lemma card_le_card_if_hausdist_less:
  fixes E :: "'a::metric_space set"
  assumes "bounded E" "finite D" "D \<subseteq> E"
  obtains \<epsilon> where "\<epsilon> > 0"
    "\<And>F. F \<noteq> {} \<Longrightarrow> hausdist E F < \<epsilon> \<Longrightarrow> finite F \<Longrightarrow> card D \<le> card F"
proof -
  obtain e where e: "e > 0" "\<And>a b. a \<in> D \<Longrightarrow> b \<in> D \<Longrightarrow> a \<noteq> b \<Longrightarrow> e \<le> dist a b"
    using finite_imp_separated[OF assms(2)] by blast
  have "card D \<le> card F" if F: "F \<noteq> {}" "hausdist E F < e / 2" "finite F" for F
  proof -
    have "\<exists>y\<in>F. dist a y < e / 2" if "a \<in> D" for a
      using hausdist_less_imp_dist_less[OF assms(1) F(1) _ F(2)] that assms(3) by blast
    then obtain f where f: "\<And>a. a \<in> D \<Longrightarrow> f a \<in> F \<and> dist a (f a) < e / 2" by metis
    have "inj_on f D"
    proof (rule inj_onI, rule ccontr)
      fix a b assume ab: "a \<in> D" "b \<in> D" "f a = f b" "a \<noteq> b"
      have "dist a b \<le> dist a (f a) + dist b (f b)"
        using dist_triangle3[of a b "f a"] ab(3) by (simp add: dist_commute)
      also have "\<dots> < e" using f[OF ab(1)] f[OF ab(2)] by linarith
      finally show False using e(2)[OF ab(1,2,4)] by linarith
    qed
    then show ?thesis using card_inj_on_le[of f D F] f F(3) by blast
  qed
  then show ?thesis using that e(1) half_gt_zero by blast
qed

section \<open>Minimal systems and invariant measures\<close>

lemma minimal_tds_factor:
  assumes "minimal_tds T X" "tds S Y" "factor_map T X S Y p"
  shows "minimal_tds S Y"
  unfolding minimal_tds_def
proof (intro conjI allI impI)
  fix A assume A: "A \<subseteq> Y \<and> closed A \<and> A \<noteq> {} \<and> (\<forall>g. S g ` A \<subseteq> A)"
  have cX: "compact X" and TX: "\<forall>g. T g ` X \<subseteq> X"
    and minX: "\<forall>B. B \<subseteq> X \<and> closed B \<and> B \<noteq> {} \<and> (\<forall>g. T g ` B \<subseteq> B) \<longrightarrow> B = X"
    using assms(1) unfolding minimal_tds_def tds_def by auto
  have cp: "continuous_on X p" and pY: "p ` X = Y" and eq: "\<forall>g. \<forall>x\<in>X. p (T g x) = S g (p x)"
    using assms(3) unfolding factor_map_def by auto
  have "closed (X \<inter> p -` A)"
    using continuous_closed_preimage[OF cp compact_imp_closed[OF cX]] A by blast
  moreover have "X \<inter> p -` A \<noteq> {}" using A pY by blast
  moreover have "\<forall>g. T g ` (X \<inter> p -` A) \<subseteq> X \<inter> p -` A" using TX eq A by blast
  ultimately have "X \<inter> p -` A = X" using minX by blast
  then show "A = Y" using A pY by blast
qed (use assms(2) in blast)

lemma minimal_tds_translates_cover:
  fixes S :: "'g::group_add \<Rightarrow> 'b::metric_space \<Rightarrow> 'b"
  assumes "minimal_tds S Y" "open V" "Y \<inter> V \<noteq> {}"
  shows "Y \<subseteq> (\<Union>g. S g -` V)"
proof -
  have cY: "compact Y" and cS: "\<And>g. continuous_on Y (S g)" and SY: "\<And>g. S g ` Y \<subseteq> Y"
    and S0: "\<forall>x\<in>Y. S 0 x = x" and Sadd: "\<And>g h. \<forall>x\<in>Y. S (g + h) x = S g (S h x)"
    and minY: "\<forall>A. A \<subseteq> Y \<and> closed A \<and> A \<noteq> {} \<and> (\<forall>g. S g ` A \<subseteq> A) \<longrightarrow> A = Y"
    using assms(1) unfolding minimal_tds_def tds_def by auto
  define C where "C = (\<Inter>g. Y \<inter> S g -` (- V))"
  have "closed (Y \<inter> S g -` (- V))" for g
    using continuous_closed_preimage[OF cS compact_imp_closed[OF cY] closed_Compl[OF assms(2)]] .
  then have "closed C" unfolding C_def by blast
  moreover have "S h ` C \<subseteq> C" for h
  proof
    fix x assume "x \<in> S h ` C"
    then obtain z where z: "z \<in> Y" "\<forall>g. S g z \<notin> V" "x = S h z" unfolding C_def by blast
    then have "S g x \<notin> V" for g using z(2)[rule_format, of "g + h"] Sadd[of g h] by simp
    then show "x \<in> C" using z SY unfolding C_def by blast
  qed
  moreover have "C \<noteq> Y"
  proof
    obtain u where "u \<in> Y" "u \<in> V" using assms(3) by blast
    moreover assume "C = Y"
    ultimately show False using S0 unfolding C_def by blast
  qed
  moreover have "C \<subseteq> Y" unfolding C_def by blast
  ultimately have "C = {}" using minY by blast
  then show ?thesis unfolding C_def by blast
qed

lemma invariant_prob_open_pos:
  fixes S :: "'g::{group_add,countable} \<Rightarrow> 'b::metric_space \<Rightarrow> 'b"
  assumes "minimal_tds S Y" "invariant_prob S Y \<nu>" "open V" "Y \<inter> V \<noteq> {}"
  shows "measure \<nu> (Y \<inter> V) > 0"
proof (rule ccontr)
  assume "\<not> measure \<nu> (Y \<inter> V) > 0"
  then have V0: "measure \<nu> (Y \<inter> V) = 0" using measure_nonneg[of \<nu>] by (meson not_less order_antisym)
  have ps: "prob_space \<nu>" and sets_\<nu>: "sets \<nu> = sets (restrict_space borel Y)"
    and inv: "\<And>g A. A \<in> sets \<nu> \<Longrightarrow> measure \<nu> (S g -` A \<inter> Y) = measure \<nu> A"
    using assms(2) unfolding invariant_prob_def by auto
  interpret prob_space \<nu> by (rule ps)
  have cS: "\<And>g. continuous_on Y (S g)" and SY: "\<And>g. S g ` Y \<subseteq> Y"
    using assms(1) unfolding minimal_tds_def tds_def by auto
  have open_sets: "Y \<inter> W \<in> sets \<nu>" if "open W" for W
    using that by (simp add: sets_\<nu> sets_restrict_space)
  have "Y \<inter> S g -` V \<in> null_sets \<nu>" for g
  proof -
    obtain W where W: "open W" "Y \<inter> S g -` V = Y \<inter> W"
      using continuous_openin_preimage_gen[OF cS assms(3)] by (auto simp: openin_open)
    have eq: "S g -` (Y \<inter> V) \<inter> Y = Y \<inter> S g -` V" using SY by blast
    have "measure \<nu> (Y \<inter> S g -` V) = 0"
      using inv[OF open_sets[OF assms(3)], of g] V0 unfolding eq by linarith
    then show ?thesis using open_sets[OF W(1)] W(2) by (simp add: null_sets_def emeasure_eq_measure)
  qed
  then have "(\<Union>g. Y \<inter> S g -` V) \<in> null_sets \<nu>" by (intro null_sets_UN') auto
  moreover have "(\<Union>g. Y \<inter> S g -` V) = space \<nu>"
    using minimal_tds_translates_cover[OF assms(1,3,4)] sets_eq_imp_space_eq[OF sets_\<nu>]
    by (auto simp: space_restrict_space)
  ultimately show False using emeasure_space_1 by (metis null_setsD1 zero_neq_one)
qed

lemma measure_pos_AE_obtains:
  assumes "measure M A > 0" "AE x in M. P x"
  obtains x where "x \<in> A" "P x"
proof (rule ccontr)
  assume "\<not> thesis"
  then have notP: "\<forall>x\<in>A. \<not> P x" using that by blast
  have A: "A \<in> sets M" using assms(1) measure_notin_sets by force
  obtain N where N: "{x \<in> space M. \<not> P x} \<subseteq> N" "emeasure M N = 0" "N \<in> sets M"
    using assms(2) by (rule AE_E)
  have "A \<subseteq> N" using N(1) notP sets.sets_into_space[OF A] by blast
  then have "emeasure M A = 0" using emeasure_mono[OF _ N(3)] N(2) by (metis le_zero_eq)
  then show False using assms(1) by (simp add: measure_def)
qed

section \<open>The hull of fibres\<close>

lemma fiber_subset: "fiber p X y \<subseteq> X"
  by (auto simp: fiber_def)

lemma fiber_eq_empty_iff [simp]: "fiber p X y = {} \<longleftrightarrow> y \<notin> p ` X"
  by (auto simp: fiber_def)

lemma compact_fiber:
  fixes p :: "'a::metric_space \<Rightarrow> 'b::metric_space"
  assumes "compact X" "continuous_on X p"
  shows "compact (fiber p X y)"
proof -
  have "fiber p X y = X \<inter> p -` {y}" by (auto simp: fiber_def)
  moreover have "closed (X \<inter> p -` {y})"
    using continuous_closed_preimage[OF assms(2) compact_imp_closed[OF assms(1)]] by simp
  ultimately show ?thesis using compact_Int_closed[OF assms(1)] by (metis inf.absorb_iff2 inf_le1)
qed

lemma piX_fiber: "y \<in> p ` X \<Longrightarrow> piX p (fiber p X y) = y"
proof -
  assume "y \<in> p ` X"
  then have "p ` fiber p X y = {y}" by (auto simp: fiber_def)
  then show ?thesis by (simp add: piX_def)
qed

▶ [What the task requires]: Retype the records above from the very first line down to the line with "ab(2)] by linarith", keeping both of those lines. Include nothing beyond them.

▶ [Completed task]:
lemma card_le_card_if_hausdist_less:
  fixes E :: "'a::metric_space set"
  assumes "bounded E" "finite D" "D \<subseteq> E"
  obtains \<epsilon> where "\<epsilon> > 0"
    "\<And>F. F \<noteq> {} \<Longrightarrow> hausdist E F < \<epsilon> \<Longrightarrow> finite F \<Longrightarrow> card D \<le> card F"
proof -
  obtain e where e: "e > 0" "\<And>a b. a \<in> D \<Longrightarrow> b \<in> D \<Longrightarrow> a \<noteq> b \<Longrightarrow> e \<le> dist a b"
    using finite_imp_separated[OF assms(2)] by blast
  have "card D \<le> card F" if F: "F \<noteq> {}" "hausdist E F < e / 2" "finite F" for F
  proof -
    have "\<exists>y\<in>F. dist a y < e / 2" if "a \<in> D" for a
      using hausdist_less_imp_dist_less[OF assms(1) F(1) _ F(2)] that assms(3) by blast
    then obtain f where f: "\<And>a. a \<in> D \<Longrightarrow> f a \<in> F \<and> dist a (f a) < e / 2" by metis
    have "inj_on f D"
    proof (rule inj_onI, rule ccontr)
      fix a b assume ab: "a \<in> D" "b \<in> D" "f a = f b" "a \<noteq> b"
      have "dist a b \<le> dist a (f a) + dist b (f b)"
        using dist_triangle3[of a b "f a"] ab(3) by (simp add: dist_commute)
      also have "\<dots> < e" using f[OF ab(1)] f[OF ab(2)] by linarith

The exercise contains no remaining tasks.